§ **Data provided**
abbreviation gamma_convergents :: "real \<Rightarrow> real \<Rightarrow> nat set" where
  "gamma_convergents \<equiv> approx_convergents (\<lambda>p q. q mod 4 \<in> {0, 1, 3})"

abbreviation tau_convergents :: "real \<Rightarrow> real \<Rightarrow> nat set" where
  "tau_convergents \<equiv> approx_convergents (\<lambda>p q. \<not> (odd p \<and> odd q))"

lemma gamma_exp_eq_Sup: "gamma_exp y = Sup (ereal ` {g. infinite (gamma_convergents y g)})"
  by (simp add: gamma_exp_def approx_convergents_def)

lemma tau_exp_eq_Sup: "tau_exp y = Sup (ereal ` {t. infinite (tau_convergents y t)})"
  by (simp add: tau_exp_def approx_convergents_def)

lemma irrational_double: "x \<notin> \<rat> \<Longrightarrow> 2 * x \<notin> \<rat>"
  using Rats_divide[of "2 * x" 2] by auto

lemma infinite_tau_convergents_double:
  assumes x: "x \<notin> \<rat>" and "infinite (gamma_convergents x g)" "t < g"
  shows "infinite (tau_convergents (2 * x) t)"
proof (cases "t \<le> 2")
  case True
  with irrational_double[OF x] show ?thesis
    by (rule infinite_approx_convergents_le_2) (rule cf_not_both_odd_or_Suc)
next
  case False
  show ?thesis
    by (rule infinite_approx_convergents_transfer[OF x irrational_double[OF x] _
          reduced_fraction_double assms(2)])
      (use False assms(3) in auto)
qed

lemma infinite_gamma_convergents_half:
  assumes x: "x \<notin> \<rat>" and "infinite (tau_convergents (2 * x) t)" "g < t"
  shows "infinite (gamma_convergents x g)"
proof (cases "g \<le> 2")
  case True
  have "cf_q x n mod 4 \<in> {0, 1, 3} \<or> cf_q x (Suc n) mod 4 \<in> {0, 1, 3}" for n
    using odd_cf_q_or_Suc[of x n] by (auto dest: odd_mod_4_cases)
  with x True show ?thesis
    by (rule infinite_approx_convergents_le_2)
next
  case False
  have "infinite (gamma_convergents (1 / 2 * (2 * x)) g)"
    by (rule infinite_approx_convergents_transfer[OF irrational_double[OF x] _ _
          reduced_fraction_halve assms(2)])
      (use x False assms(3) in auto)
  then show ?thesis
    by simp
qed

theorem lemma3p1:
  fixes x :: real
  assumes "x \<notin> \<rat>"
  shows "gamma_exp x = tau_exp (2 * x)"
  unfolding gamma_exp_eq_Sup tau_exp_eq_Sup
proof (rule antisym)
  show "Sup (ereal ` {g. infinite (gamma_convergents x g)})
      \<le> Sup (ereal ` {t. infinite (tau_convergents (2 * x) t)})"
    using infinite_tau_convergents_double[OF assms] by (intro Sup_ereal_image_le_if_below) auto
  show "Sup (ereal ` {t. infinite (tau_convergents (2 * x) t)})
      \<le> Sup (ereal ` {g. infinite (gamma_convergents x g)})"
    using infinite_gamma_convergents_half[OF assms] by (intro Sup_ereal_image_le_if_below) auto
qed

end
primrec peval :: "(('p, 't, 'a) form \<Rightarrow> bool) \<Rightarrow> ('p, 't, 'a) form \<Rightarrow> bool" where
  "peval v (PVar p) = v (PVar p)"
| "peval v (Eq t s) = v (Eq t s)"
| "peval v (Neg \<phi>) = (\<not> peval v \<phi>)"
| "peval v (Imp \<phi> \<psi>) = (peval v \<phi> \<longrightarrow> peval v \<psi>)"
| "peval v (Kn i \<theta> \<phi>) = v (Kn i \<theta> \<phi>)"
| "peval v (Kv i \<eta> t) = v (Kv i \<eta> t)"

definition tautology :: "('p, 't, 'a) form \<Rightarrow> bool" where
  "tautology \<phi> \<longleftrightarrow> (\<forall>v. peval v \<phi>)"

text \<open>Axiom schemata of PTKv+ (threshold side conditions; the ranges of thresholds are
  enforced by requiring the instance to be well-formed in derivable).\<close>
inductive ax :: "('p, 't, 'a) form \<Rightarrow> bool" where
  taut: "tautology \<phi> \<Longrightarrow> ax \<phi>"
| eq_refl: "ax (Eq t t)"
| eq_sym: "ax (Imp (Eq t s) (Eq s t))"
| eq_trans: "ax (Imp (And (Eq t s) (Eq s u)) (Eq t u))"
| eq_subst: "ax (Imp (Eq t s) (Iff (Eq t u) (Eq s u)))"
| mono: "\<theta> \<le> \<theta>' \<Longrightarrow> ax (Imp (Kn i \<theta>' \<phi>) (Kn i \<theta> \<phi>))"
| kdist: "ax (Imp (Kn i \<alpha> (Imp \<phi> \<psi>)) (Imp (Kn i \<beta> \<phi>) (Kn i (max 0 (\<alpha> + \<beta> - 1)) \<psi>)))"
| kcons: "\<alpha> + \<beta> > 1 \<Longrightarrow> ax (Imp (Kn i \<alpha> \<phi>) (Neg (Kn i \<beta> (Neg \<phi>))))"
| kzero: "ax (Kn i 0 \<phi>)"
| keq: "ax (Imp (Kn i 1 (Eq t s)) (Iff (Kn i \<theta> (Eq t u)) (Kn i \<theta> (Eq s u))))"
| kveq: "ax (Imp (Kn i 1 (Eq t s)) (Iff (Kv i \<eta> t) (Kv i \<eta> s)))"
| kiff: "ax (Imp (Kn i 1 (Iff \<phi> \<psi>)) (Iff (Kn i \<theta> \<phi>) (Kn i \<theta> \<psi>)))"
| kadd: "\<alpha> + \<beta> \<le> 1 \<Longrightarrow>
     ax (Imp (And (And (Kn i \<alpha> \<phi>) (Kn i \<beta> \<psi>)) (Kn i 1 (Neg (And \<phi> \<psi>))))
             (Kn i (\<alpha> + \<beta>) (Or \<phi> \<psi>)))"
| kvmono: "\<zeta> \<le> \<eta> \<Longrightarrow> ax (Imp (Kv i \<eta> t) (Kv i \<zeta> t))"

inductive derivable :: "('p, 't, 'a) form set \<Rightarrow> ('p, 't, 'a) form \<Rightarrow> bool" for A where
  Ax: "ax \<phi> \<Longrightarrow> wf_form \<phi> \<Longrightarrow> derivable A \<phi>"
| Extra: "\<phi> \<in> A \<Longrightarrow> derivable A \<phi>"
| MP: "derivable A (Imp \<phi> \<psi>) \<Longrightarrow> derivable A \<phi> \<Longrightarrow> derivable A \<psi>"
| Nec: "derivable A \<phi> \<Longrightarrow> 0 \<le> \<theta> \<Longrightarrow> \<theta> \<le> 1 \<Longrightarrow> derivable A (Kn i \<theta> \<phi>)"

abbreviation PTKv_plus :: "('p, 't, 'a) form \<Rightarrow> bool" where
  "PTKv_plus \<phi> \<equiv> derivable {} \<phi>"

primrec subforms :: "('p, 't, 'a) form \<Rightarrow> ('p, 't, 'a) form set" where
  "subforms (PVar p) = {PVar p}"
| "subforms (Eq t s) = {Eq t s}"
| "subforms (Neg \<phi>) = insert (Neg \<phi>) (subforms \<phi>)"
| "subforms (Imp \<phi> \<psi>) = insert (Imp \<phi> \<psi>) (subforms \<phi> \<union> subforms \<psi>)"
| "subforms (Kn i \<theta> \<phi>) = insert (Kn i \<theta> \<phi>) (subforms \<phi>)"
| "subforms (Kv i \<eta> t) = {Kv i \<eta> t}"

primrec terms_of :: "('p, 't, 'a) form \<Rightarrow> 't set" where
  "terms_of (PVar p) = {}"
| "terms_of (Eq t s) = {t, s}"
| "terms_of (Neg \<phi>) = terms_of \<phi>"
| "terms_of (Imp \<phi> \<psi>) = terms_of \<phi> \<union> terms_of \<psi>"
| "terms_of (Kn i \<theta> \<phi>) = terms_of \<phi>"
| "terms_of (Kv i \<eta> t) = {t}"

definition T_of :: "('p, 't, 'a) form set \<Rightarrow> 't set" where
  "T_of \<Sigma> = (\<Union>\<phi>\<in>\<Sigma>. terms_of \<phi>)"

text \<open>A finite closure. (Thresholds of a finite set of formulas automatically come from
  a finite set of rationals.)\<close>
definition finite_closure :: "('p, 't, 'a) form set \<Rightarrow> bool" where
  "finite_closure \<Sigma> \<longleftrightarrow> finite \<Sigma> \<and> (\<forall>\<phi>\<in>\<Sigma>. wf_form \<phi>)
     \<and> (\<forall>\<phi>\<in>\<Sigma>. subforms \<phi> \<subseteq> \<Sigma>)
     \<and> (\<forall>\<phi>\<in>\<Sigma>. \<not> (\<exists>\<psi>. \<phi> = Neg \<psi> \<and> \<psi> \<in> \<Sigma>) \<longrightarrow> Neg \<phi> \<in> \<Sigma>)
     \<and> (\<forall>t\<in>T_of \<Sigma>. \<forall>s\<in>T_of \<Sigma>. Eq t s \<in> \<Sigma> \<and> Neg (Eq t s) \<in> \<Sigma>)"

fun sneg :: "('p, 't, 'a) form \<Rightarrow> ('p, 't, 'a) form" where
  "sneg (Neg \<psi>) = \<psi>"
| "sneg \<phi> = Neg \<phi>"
---
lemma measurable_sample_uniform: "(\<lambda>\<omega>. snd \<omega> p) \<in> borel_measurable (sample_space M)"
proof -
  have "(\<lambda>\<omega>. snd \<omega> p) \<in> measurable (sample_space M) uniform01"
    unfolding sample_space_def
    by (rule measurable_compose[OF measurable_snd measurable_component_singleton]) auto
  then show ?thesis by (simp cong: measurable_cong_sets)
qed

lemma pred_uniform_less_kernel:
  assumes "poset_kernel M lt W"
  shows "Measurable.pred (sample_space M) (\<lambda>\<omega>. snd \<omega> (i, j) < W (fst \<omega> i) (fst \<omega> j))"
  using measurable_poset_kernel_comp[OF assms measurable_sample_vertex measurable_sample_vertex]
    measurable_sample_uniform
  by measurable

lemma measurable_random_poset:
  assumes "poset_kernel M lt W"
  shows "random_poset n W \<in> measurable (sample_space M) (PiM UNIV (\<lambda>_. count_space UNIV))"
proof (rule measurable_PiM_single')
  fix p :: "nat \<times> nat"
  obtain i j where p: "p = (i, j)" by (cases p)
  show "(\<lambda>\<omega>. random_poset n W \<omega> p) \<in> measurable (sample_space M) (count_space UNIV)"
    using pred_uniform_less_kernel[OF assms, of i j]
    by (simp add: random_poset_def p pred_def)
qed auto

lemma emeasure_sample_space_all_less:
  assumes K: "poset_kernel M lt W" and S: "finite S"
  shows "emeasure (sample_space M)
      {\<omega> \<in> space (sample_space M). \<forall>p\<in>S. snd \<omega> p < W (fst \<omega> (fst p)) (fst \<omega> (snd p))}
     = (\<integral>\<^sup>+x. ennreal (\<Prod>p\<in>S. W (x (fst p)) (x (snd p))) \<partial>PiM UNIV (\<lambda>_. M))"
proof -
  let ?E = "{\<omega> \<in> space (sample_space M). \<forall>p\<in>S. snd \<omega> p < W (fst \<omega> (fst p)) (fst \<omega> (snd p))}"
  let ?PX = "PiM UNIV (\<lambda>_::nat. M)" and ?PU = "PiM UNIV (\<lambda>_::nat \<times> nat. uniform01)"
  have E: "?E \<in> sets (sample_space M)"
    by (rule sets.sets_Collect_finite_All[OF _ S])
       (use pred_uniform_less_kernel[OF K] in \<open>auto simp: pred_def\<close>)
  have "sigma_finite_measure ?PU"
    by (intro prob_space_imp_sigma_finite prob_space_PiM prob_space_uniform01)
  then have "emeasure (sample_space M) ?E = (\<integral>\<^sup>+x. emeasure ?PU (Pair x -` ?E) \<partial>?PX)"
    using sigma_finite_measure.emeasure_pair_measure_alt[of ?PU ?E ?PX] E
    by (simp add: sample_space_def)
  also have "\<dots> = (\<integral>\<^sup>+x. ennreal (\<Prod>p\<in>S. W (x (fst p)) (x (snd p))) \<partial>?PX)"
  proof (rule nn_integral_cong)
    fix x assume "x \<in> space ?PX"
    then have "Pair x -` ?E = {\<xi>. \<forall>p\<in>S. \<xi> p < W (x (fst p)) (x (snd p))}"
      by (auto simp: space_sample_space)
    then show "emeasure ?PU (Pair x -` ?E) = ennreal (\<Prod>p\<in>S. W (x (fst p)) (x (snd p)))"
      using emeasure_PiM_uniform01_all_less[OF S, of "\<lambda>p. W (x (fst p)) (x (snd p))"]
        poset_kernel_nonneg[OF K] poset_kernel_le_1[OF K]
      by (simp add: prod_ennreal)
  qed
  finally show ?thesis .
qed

§ **Task directions**
Pull every line with "unfolding" from the records.

§ **Your response**
  unfolding gamma_exp_eq_Sup tau_exp_eq_Sup
    unfolding sample_space_def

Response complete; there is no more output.